**Your task**
Sift through the material below and return the lines with "number".

**Excerpted data**
(* In the private bug bounty model with a single artificial bug described in the context, define $$\Omega(\hat c)=\sum_l w^l\mu^lq^l\big(1-q^lF(\hat c)\big)^{n-1}-\frac{F(\hat c)}{f(\hat c)}$$ and let $\tilde c$ be its unique fixed point. Then the optimal equilibrium threshold, i.e. the maximizer of $$W(\hat c)=\sum_l w^l\mu^lP(\hat c;q^l)-nF(\hat c)\hat c$$ over the set $C(\overline v)=[0,c_a(\overline v)]$ of achievable equilibrium thresholds, is $\hat c^*=\min\{\tilde c,c_a(\overline v)\}$. Moreover, any prizes $\boldsymbol v^*$, $v_a^*$ and complexity $q_a^*$ (satisfying the budget and sign constraints) that solve $\hat c^*=\Psi(\hat c^*;\boldsymbol v,v_a,q_a)$ are optimal for the designer's problem.
   Context: Private bug bounty model. There are $L$ potential organic bugs; bug $l$ exists with probability $\mu^l\in(0,1]$ (independently), has complexity $q^l\in(0,1]$, and the designer values finding it at $w^l\ge0$. There are $n$ risk-neutral agents with private search costs drawn i.i.d. from a distribution $F$ with support $[\underline c,\overline c]$ ($-\infty\le\underline c<\overline c\le\infty$, $\overline c>0$), continuous with full support, finite density $f$, and $F/f$ non-decreasing. The designer has budget $\overline v>0$, sets prizes $v^l\ge0$ for organic bugs, and inserts one artificial bug (existing with certainty, no value to the designer) with prize $v_a\ge0$ and complexity $q_a\in[0,1]$, subject to $\sum_l v^l+v_a\le\overline v$. Each agent decides whether to search at his/her cost; a searching agent finds each existing bug of complexity $q$ with probability $q$, independently across agents and bugs; the prize of each found bug goes to one of its finders chosen uniformly at random. $\Phi(\hat c;q)$ is the probability that a searching agent wins the prize of an existing bug of complexity $q$ when each of the other $n-1$ agents searches iff his/her cost is at most $\hat c$; $\Psi(\hat c;\boldsymbol v,v_a,q_a)=\sum_l v^l\mu^l\Phi(\hat c;q^l)+v_a\Phi(\hat c;q_a)$. The equilibrium threshold $c^*$ is the symmetric Bayes–Nash equilibrium threshold: $c^*=\underline c$ if $\Psi(\underline c)\le\underline c$, $c^*=\overline c$ if $\Psi(\overline c)\ge\overline c$, and otherwise the unique solution of $\hat c=\Psi(\hat c)$. $P(\hat c;q)=1-(1-qF(\hat c))^n$. The designer's problem is to maximize $\sum_l(w^l-v^l)\mu^lP(c^*;q^l)-v_aP(c^*;q_a)$ subject to $\sum_l v^l+v_a\le\overline v$, $v^l\ge0$, $v_a\ge0$, $q_a\in[0,1]$. The set of achievable equilibrium thresholds is $C(\overline v)=\{\hat c:\hat c=\Psi(\hat c;\boldsymbol v,v_a,q_a),\ \sum_lv^l+v_a\le\overline v,\ v^l\ge0,\ v_a\ge0,\ q_a\in[0,1]\}$, and $c_a(\overline v)$ denotes the unique fixed point of $\hat c\mapsto\overline v\,\Phi(\hat c;1)$.
   Formalization: The unique fixed point $\tilde c$ of Omega is in addition taken to be nonnegative, so that $0 \le \tilde c$ holds. The statement above fails without it. *)

theory Defs
  imports "HOL-Analysis.Analysis"
begin

text \<open>Private bug bounty model. Organic bugs are indexed by l < L.
  n: number of agents; F: cost cdf; f: its density.\<close>

text \<open>Probability that a searching agent wins the prize of an existing bug of
  complexity q when each of the other n-1 agents searches iff his/her cost is at most c:
  the agent finds it with probability q; the number k of other finders is
  Binomial(n-1, q F(c)); the prize goes to a uniformly chosen finder.\<close>
definition Phi :: "nat \<Rightarrow> (real \<Rightarrow> real) \<Rightarrow> real \<Rightarrow> real \<Rightarrow> real" where
  "Phi n F c q = q * (\<Sum>k<n. real ((n - 1) choose k) * (q * F c) ^ k
                               * (1 - q * F c) ^ (n - 1 - k) / real (k + 1))"

definition Psi :: "nat \<Rightarrow> (real \<Rightarrow> real) \<Rightarrow> nat \<Rightarrow> (nat \<Rightarrow> real) \<Rightarrow> (nat \<Rightarrow> real)
    \<Rightarrow> (nat \<Rightarrow> real) \<Rightarrow> real \<Rightarrow> real \<Rightarrow> real \<Rightarrow> real" where
  "Psi n F L mu q v va qa c = (\<Sum>l<L. v l * mu l * Phi n F c (q l)) + va * Phi n F c qa"

definition Pfind :: "nat \<Rightarrow> (real \<Rightarrow> real) \<Rightarrow> real \<Rightarrow> real \<Rightarrow> real" where
  "Pfind n F c q = 1 - (1 - q * F c) ^ n"

text \<open>Symmetric Bayes-Nash equilibrium threshold for a best-response map g = Psi(.),
  with support endpoints clo, chi (possibly infinite).\<close>
definition eq_threshold :: "ereal \<Rightarrow> ereal \<Rightarrow> (real \<Rightarrow> real) \<Rightarrow> real" where
  "eq_threshold clo chi g =
     (if \<exists>a. clo = ereal a \<and> g a \<le> a then real_of_ereal clo
      else if \<exists>b. chi = ereal b \<and> g b \<ge> b then real_of_ereal chi
      else (THE c. c = g c))"

definition feasible :: "nat \<Rightarrow> real \<Rightarrow> (nat \<Rightarrow> real) \<Rightarrow> real \<Rightarrow> real \<Rightarrow> bool" where
  "feasible L vbar v va qa \<longleftrightarrow>
     (\<forall>l<L. 0 \<le> v l) \<and> 0 \<le> va \<and> 0 \<le> qa \<and> qa \<le> 1 \<and> (\<Sum>l<L. v l) + va \<le> vbar"

definition designer_obj :: "nat \<Rightarrow> (real \<Rightarrow> real) \<Rightarrow> nat \<Rightarrow> (nat \<Rightarrow> real) \<Rightarrow> (nat \<Rightarrow> real)
    \<Rightarrow> (nat \<Rightarrow> real) \<Rightarrow> (nat \<Rightarrow> real) \<Rightarrow> real \<Rightarrow> real \<Rightarrow> real \<Rightarrow> real" where
  "designer_obj n F L mu q w v va qa cs =
     (\<Sum>l<L. (w l - v l) * mu l * Pfind n F cs (q l)) - va * Pfind n F cs qa"

definition achievable :: "nat \<Rightarrow> (real \<Rightarrow> real) \<Rightarrow> nat \<Rightarrow> (nat \<Rightarrow> real) \<Rightarrow> (nat \<Rightarrow> real)
    \<Rightarrow> real \<Rightarrow> real set" where
  "achievable n F L mu q vbar =
     {c. \<exists>v va qa. feasible L vbar v va qa \<and> c = Psi n F L mu q v va qa c}"

definition c_a :: "nat \<Rightarrow> (real \<Rightarrow> real) \<Rightarrow> real \<Rightarrow> real" where
  "c_a n F vbar = (THE c. c = vbar * Phi n F c 1)"

definition Omega :: "nat \<Rightarrow> (real \<Rightarrow> real) \<Rightarrow> (real \<Rightarrow> real) \<Rightarrow> nat \<Rightarrow> (nat \<Rightarrow> real)
    \<Rightarrow> (nat \<Rightarrow> real) \<Rightarrow> (nat \<Rightarrow> real) \<Rightarrow> real \<Rightarrow> real" where
  "Omega n F f L mu q w c =
     (\<Sum>l<L. w l * mu l * q l * (1 - q l * F c) ^ (n - 1)) - F c / f c"

definition Wel :: "nat \<Rightarrow> (real \<Rightarrow> real) \<Rightarrow> nat \<Rightarrow> (nat \<Rightarrow> real)
    \<Rightarrow> (nat \<Rightarrow> real) \<Rightarrow> (nat \<Rightarrow> real) \<Rightarrow> real \<Rightarrow> real" where
  "Wel n F L mu q w c = (\<Sum>l<L. w l * mu l * Pfind n F c (q l)) - real n * F c * c"

end

theory Submission
  imports Defs
begin

(* Every achievable threshold c is a fixed point of some Psi, and Psi is dominated by
   vbar * Phi(.; 1), an antitone map with fixed point c_a; hence C(vbar) is contained in [0, c_a].
   Conversely, any c in [0, c_a] is reached by spending the whole budget on the artificial bug and
   choosing its complexity by the intermediate value theorem.

   Since P(c; q) = n F(c) Phi(c; q), the expected prize payments at an equilibrium threshold c equal
   n F(c) Psi(c) = n F(c) c, so the designer's payoff is the welfare W(c), whatever the prizes.
   Finally W' = n f (Omega - c) on the support, and Omega is antitone by the monotone hazard rate,
   so W increases up to ctil and decreases after it; its maximum over [0, c_a] is at min ctil c_a. *)

lemma binomial_sum_div_Suc:
  fixes y :: real
  shows "real (Suc m) * y * (\<Sum>k<Suc m. real (m choose k) * y ^ k * (1 - y) ^ (m - k) / real (k + 1))
         = 1 - (1 - y) ^ Suc m"
proof -
  have "real (Suc m) * y * (\<Sum>k<Suc m. real (m choose k) * y ^ k * (1 - y) ^ (m - k) / real (k + 1))
      = (\<Sum>k\<le>m. real (Suc m choose Suc k) * y ^ Suc k * (1 - y) ^ (Suc m - Suc k))"
    unfolding sum_distrib_left lessThan_Suc_atMost
  proof (rule sum.cong[OF refl])
    fix k
    have e: "real (Suc m) * real (m choose k) = real (Suc m choose Suc k) * real (Suc k)"
      by (metis Suc_times_binomial_eq of_nat_mult)
    have "real (Suc m) * y * (real (m choose k) * y ^ k * (1 - y) ^ (m - k) / real (k + 1))
        = (real (Suc m) * real (m choose k)) * y ^ Suc k * (1 - y) ^ (m - k) / real (Suc k)"
      by (simp add: field_simps)
    also have "\<dots> = real (Suc m choose Suc k) * y ^ Suc k * (1 - y) ^ (Suc m - Suc k)"
      unfolding e by (simp add: field_simps del: of_nat_Suc)
    finally show "real (Suc m) * y * (real (m choose k) * y ^ k * (1 - y) ^ (m - k) / real (k + 1))
        = real (Suc m choose Suc k) * y ^ Suc k * (1 - y) ^ (Suc m - Suc k)" .
  qed
  also have "\<dots> = (y + (1 - y)) ^ Suc m - (1 - y) ^ Suc m"
    unfolding binomial_ring[of y "1 - y" "Suc m"] sum.atMost_Suc_shift by simp
  finally show ?thesis by simp
qed

lemma binomial_sum_div_Suc_eq_geometric:
  fixes y :: real
  assumes "1 \<le> n"
  shows "(\<Sum>k<n. real ((n - 1) choose k) * y ^ k * (1 - y) ^ (n - 1 - k) / real (k + 1))
       = (\<Sum>j<n. (1 - y) ^ j) / real n"
    (is "?S = _")
proof -
  obtain m where n: "n = Suc m" using assms by (cases n) auto
  show ?thesis
  proof (cases "y = 0")
    case True
    then have "?S = (\<Sum>k<n. if k = 0 then 1 else 0)"
      by (intro sum.cong) auto
    then show ?thesis using True n by simp
  next
    case False
    have "y * (real n * ?S) = 1 - (1 - y) ^ n"
      using binomial_sum_div_Suc[of m y] n by (simp add: mult_ac)
    also have "\<dots> = y * (\<Sum>j<n. (1 - y) ^ j)"
      using one_diff_power_eq[of "1 - y" n] by simp
    finally have "real n * ?S = (\<Sum>j<n. (1 - y) ^ j)"
      using False by simp
    moreover have "real n \<noteq> 0" using assms by simp
    ultimately show ?thesis by (simp add: eq_divide_eq mult.commute)
  qed
qed

lemma mono_between_limits:
  fixes F :: "real \<Rightarrow> real"
  assumes "mono F" "(F \<longlongrightarrow> a) at_bot" "(F \<longlongrightarrow> b) at_top"
  shows "a \<le> F c" "F c \<le> b"
proof -
  show "a \<le> F c"
  proof (rule tendsto_upperbound[OF assms(2)])
    show "\<forall>\<^sub>F x in at_bot. F x \<le> F c"
      unfolding eventually_at_bot_linorder using assms(1) by (auto simp: mono_def)
  qed simp
  show "F c \<le> b"
  proof (rule tendsto_lowerbound[OF assms(3)])
    show "\<forall>\<^sub>F x in at_top. F c \<le> F x"
      unfolding eventually_at_top_linorder using assms(1) by (auto simp: mono_def)
  qed simp
qed

lemma antimono_le_iff_le_fixed_point:
  fixes g :: "'a::linorder \<Rightarrow> 'a"
  assumes anti: "antimono g" and fixed: "g a = a"
  shows "c \<le> g c \<longleftrightarrow> c \<le> a"
proof
  assume c: "c \<le> g c"
  show "c \<le> a"
  proof (rule ccontr)
    assume "\<not> c \<le> a"
    then have "g c \<le> a" using antimonoD[OF anti, of a c] fixed by simp
    with c \<open>\<not> c \<le> a\<close> show False using order_trans by blast
  qed
next
  assume "c \<le> a"
  then have "a \<le> g c" using antimonoD[OF anti, of c a] fixed by simp
  with \<open>c \<le> a\<close> show "c \<le> g c" using order_trans by blast
qed

lemma antimono_ge_iff_ge_fixed_point:
  fixes g :: "'a::linorder \<Rightarrow> 'a"
  assumes anti: "antimono g" and fixed: "g a = a"
  shows "g c \<le> c \<longleftrightarrow> a \<le> c"
proof
  assume c: "g c \<le> c"
  show "a \<le> c"
  proof (rule ccontr)
    assume "\<not> a \<le> c"
    then have "a \<le> g c" using antimonoD[OF anti, of c a] fixed by simp
    with c \<open>\<not> a \<le> c\<close> show False using order_trans by blast
  qed
next
  assume "a \<le> c"
  then have "g c \<le> a" using antimonoD[OF anti, of a c] fixed by simp
  with \<open>a \<le> c\<close> show "g c \<le> c" using order_trans by blast
qed

lemma antimono_fixed_point_unique:
  fixes g :: "'a::linorder \<Rightarrow> 'a"
  assumes "antimono g" "g a = a" "g b = b"
  shows "a = b"
  using antimono_le_iff_le_fixed_point[OF assms(1,2), of b]
    antimono_le_iff_le_fixed_point[OF assms(1,3), of a] assms(2,3)
  by (metis antisym order_refl)

lemma bounded_continuous_has_fixed_point:
  fixes g :: "real \<Rightarrow> real"
  assumes "continuous_on UNIV g" "\<And>c. 0 \<le> g c" "\<And>c. g c \<le> B"
  shows "\<exists>c. g c = c"
proof -
  have "0 \<le> B" using assms(2,3) by (rule order_trans)
  moreover have "continuous_on {0..B} g" using assms(1) by (rule continuous_on_subset) simp
  moreover have "g \<in> {0..B} \<rightarrow> {0..B}" using assms(2,3) by simp
  ultimately show ?thesis
    using brouwer[of "{0..B}" g] by (auto simp: convex_real_interval)
qed

lemma F_eq_threshold:
  fixes g F :: "real \<Rightarrow> real" and clo chi :: ereal
  assumes F_below: "\<And>x. ereal x \<le> clo \<Longrightarrow> F x = 0"
    and F_above: "\<And>x. chi \<le> ereal x \<Longrightarrow> F x = 1"
    and anti: "antimono g" and m: "g m = m"
  shows "F (eq_threshold clo chi g) = F m"
proof (cases "\<exists>a. clo = ereal a \<and> g a \<le> a")
  case True
  then obtain a where "clo = ereal a" "g a \<le> a" by auto
  moreover have "m \<le> a"
    using antimono_ge_iff_ge_fixed_point[OF anti m] \<open>g a \<le> a\<close> by simp
  ultimately show ?thesis
    unfolding eq_threshold_def using F_below[of m] F_below[of a] by auto
next
  case no_low: False
  show ?thesis
  proof (cases "\<exists>b. chi = ereal b \<and> b \<le> g b")
    case True
    then obtain b where "chi = ereal b" "b \<le> g b" by auto
    moreover have "b \<le> m"
      using antimono_le_iff_le_fixed_point[OF anti m] \<open>b \<le> g b\<close> by simp
    ultimately show ?thesis
      unfolding eq_threshold_def using no_low F_above[of m] F_above[of b] by auto
  next
    case False
    have "(THE c. c = g c) = m"
    proof (rule the_equality)
      show "m = g m" using m by simp
      show "c = m" if "c = g c" for c
        using antimono_fixed_point_unique[OF anti that[symmetric] m] .
    qed
    then show ?thesis unfolding eq_threshold_def using no_low False by (simp only: if_False)
  qed
qed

**Answer section**
  n: number of agents; F: cost cdf; f: its density.\<close>
  the agent finds it with probability q; the number k of other finders is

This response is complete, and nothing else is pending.